Entretien avec Thomas Quillardet

 

Qu’est-ce qui a guidé le choix des pièces que vous avez présentées lors de vos résidences ?

Thomas Quillardet : Nous avons choisi Ton père parce qu’il nous semblait important d’amener ce sujet de société aux élèves, et L’Arbre, le Maire et la Médiathèque parce que c’est un spectacle conçu pour l’extérieur et qu’il parle d’écologie et du rapport entre la ville et la campagne. Et puisque nous étions dans un lycée, et pas dans une boîte noire, autant montrer deux pièces questionnant la place du public : soit en quadri-frontal avec Ton père, soit en extérieur avec L’Arbre, le Maire et la Médiathèque.
 

Avez-vous retravaillé ces pièces pour l’occasion ?

TQ : Ton père déploie un travail esthétique très fin, notamment sur la lumière, auquel j’ai dû renoncer, pour réadapter la pièce et la centrer sur l’adresse. J’ai aussi coupé le texte pour le rendre plus léger. C’est un travail d’adaptation pour une écoute et un auditoire spécifiques.

Quels retours avez-vous eu des élèves après cette pièce, qui évoque l’homoparentalité et un cas de harcèlement homophobe ?

TQ : Nous avons présenté le spectacle avec beaucoup de précautions mais l’accueil a été facile et leurs questions ont en réalité porté davantage sur la représentation : la dis-position quadrifrontale, les interprètes surgissant sur les côtés, les adresses au public. Le contenu n’a pas suscité de manifestation hostile, au contraire : la réception a été généreuse, belle, agréable.

Qu’est-ce que cela provoque, de s’implanter dans un établissement scolaire pendant une semaine ? 

TQ : Il y a un côté événementiel et notre présence est perçue comme une bulle d’air : les élèves comme les équipes pédagogique et administrative sont heureux qu’une troupe investisse les lieux et qu’on y sente une autre énergie. Nous sommes très présents dans le lycée : on va à la cantine, on passe nos coups de fil, on travaille en salle des profs, on a comme des heures de permanence. Ainsi, élèves comme professeurs viennent plus facilement nous parler. J’aime cette idée : dans les moments de pause, entre un atelier et un spectacle, il y a une réception possible et on peut nous alpaguer, nous poser des questions sur la pièce ou sur notre métier. Mais cela implique de ne pas nous cacher et de ne pas plier bagage juste après la pièce ou un atelier. 

Comment avez-vous conçu les différents ateliers de pratique qui ont jalonné chaque semaine en immersion ?
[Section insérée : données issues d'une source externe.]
(* For every $\varepsilon\in(0,1)$ and $\ell\in\mathbb{N}$ there is $d_0=d_0(\varepsilon,\ell)$ such that for every $m\in\mathbb{N}$ and every time series $x\in\mathbb{R}^m$ there exists a time series $y\in\mathbb{R}^{d_0}$ such that for every $z\in\mathbb{R}^\ell$, \[(1-\varepsilon)\,d_{dF}(x,z)\le d_{dF}(y,z)\le(1+\varepsilon)\,d_{dF}(x,z).\]
   Context: A time series of complexity $m$ is a vector $x=(x_1,\dots,x_m)\in\mathbb{R}^m$. For $x\in\mathbb{R}^m$ and $y\in\mathbb{R}^\ell$, a traversal is a sequence of index pairs $(i,j)\in[m]\times[\ell]$ starting at $(1,1)$, ending at $(m,\ell)$, in which each pair $(i,j)$ is followed by one of $(i,j+1)$, $(i+1,j)$, $(i+1,j+1)$. The discrete Fréchet distance $d_{dF}(x,y)$ is the minimum over all traversals $T$ of $\max_{(i,j)\in T}|x_i-y_j|$. *)

theory Defs
  imports Complex_Main
begin

text \<open>Time series of complexity m are real lists of length m, indexed 0..m-1
  (the paper's index i corresponds to list position i-1).\<close>

definition traversal :: "nat \<Rightarrow> nat \<Rightarrow> (nat \<times> nat) list \<Rightarrow> bool" where
  "traversal m l T \<longleftrightarrow>
     T \<noteq> [] \<and> hd T = (0, 0) \<and> last T = (m - 1, l - 1) \<and>
     (\<forall>k. Suc k < length T \<longrightarrow>
        (let (i, j) = T ! k in
          T ! Suc k \<in> {(i, Suc j), (Suc i, j), (Suc i, Suc j)}))"

definition trav_cost :: "real list \<Rightarrow> real list \<Rightarrow> (nat \<times> nat) list \<Rightarrow> real" where
  "trav_cost x y T = Max ((\<lambda>(i, j). \<bar>x ! i - y ! j\<bar>) ` set T)"

definition ddF :: "real list \<Rightarrow> real list \<Rightarrow> real" where
  "ddF x y = Min {trav_cost x y T | T. traversal (length x) (length y) T}"

end

theory Submission
  imports Defs
begin

(* The sketch y is obtained from x in two steps.
   Quantization: among the traversals of x against l columns pick one, T, minimising the spread D
   of the x-values matched to a common column. For every z of length l an optimal traversal has
   spread at most 2 ddF(x, z), so D <= 2 ddF(x, z) for all such z at once. Rounding each x_i onto a
   grid of mesh D / n around a representative of its column of T moves it by at most D / n, hence
   moves every ddF(x, z) by at most 2 ddF(x, z) / n, and leaves at most l (2n + 1) distinct values.
   Compression: whether ddF(x, z) <= r is decided by an automaton that reads x letter by letter and
   keeps the set of reachable columns of z. Over an alphabet of K letters only 2^(2^(K l) l) tables
   of such states exist, so by pigeonhole on prefixes x can be cut to at most that length without
   changing any ddF(x, z), and repeating the last letter pads it to exactly that length.
   Taking n = ceiling (2 / eps) proves the corollary. *)

section \<open>Traversals, reachability and the discrete Frechet distance\<close>

definition next_cells :: "nat \<times> nat \<Rightarrow> (nat \<times> nat) set" where
  "next_cells = (\<lambda>(i, j). {(i, Suc j), (Suc i, j), (Suc i, Suc j)})"

lemma traversal_iff:
  "traversal m l T \<longleftrightarrow> T \<noteq> [] \<and> hd T = (0, 0) \<and> last T = (m - 1, l - 1) \<and>
     (\<forall>k. Suc k < length T \<longrightarrow> T ! Suc k \<in> next_cells (T ! k))"
  unfolding traversal_def next_cells_def by (simp add: case_prod_beta)

lemma traversal_step:
  assumes "traversal m l T" "Suc k < length T"
  shows "fst (T ! k) \<le> fst (T ! Suc k)" "fst (T ! Suc k) \<le> Suc (fst (T ! k))"
    "snd (T ! k) \<le> snd (T ! Suc k)"
    "fst (T ! k) + snd (T ! k) < fst (T ! Suc k) + snd (T ! Suc k)"
  using assms unfolding traversal_iff next_cells_def by (auto simp: case_prod_beta)

lemma traversal_mono:
  assumes "traversal m l T" "k \<le> k'" "k' < length T"
  shows "fst (T ! k) \<le> fst (T ! k') \<and> snd (T ! k) \<le> snd (T ! k')"
  using assms(2,3)
proof (induction k' rule: dec_induct)
  case base
  show ?case by simp
next
  case (step k')
  then show ?case using traversal_step(1,3)[OF assms(1), of k'] by auto
qed

lemma traversal_last_nth:
  "traversal m l T \<Longrightarrow> T ! (length T - 1) = (m - 1, l - 1)"
  by (auto simp: traversal_iff last_conv_nth)

lemma traversal_cell_bounds:
  assumes "traversal m l T" "(i, j) \<in> set T" "0 < m" "0 < l"
  shows "i < m \<and> j < l"
proof -
  obtain k where k: "k < length T" "T ! k = (i, j)" using assms(2) by (auto simp: in_set_conv_nth)
  then have "k \<le> length T - 1" "length T - 1 < length T" by auto
  then show ?thesis
    using traversal_mono[OF assms(1), of k "length T - 1"] traversal_last_nth[OF assms(1)] k assms(3,4)
    by auto
qed

lemma length_traversal_less:
  assumes "traversal m l T" "0 < m" "0 < l"
  shows "length T < m + l"
proof -
  have "k \<le> fst (T ! k) + snd (T ! k)" if "k < length T" for k
    using that
  proof (induction k)
    case (Suc k)
    then show ?case using traversal_step(4)[OF assms(1) Suc.prems] by simp
  qed simp
  from this[of "length T - 1"] show ?thesis
    using traversal_last_nth[OF assms(1)] assms by (simp add: traversal_iff)
qed

lemma finite_traversals:
  assumes "0 < m" "0 < l"
  shows "finite {T. traversal m l T}"
proof (rule finite_subset)
  show "{T. traversal m l T} \<subseteq> {T. set T \<subseteq> {..<m} \<times> {..<l} \<and> length T \<le> m + l}"
    using traversal_cell_bounds[OF _ _ assms] length_traversal_less[OF _ assms]
    by (auto simp: subset_iff less_imp_le)
  show "finite {T. set T \<subseteq> {..<m} \<times> {..<l} \<and> length T \<le> m + l}"
    by (rule finite_lists_length_le) simp
qed

lemma traversal_covers_rows:
  assumes "traversal m l T" "i < m"
  shows "\<exists>j. (i, j) \<in> set T"
proof -
  have "\<forall>i \<le> fst (T ! k). \<exists>j. (i, j) \<in> set T" if "k < length T" for k
    using that
  proof (induction k)
    case 0
    have "T ! 0 = (0, 0)" using assms(1) by (auto simp: traversal_iff hd_conv_nth)
    then show ?case using nth_mem[OF 0] by auto
  next
    case (Suc k)
    have "i = fst (T ! Suc k)" if "i \<le> fst (T ! Suc k)" "\<not> i \<le> fst (T ! k)" for i
      using that traversal_step(2)[OF assms(1) Suc.prems] by simp
    then show ?case using Suc nth_mem[OF Suc.prems] by (metis Suc_lessD prod.collapse)
  qed
  from this[of "length T - 1"] show ?thesis
    using traversal_last_nth[OF assms(1)] assms by (simp add: traversal_iff)
qed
TQ : Nous voulions aborder le collectif et la choralité mais aussi montrer plusieurs facettes de la compagnie, en proposant d’autres pièces que celle que les élèves avaient vue. Nous avons décidé de travailler sur Une télévision française, dont la langue est assez facile d’accès et où les codes liés à la télévision sont accessibles. Les ateliers durent deux heures et il faut une certaine immédiateté au texte que l’on va travailler avec les élèves. Par ailleurs, les interprètes de L’Arbre, le Maire et la Médiathèque ont tenu à questionner l’écologie et ont choisi d’organiser un faux débat électoral sur la place de l’écologie au lycée. Cela nous permettait – à nous adultes – de nous connecter à cette jeunesse sur des sujets que nos spectacles portent.

Que retirez-vous personnellement d’immersions comme celles-ci ? 

TQ : Adapter un spectacle à une écoute adolescente et à des conditions esthétiques particulières m’a renforcé dans l’idée que la survie des compagnies et des artistes – dans un contexte général marqué par des baisses continues de subventions – est conditionnée au fait que nous travaillions sur l’adaptabilité de nos spectacles. Nous devons pouvoir jouer au Théâtre de la Ville, au lycée de Stains, dans un hôpital ou dans la rue. Cela implique de renoncer à des choses, techniquement et esthétiquement, pour devenir tout-terrain. C’est passionnant et il faut s’y préparer.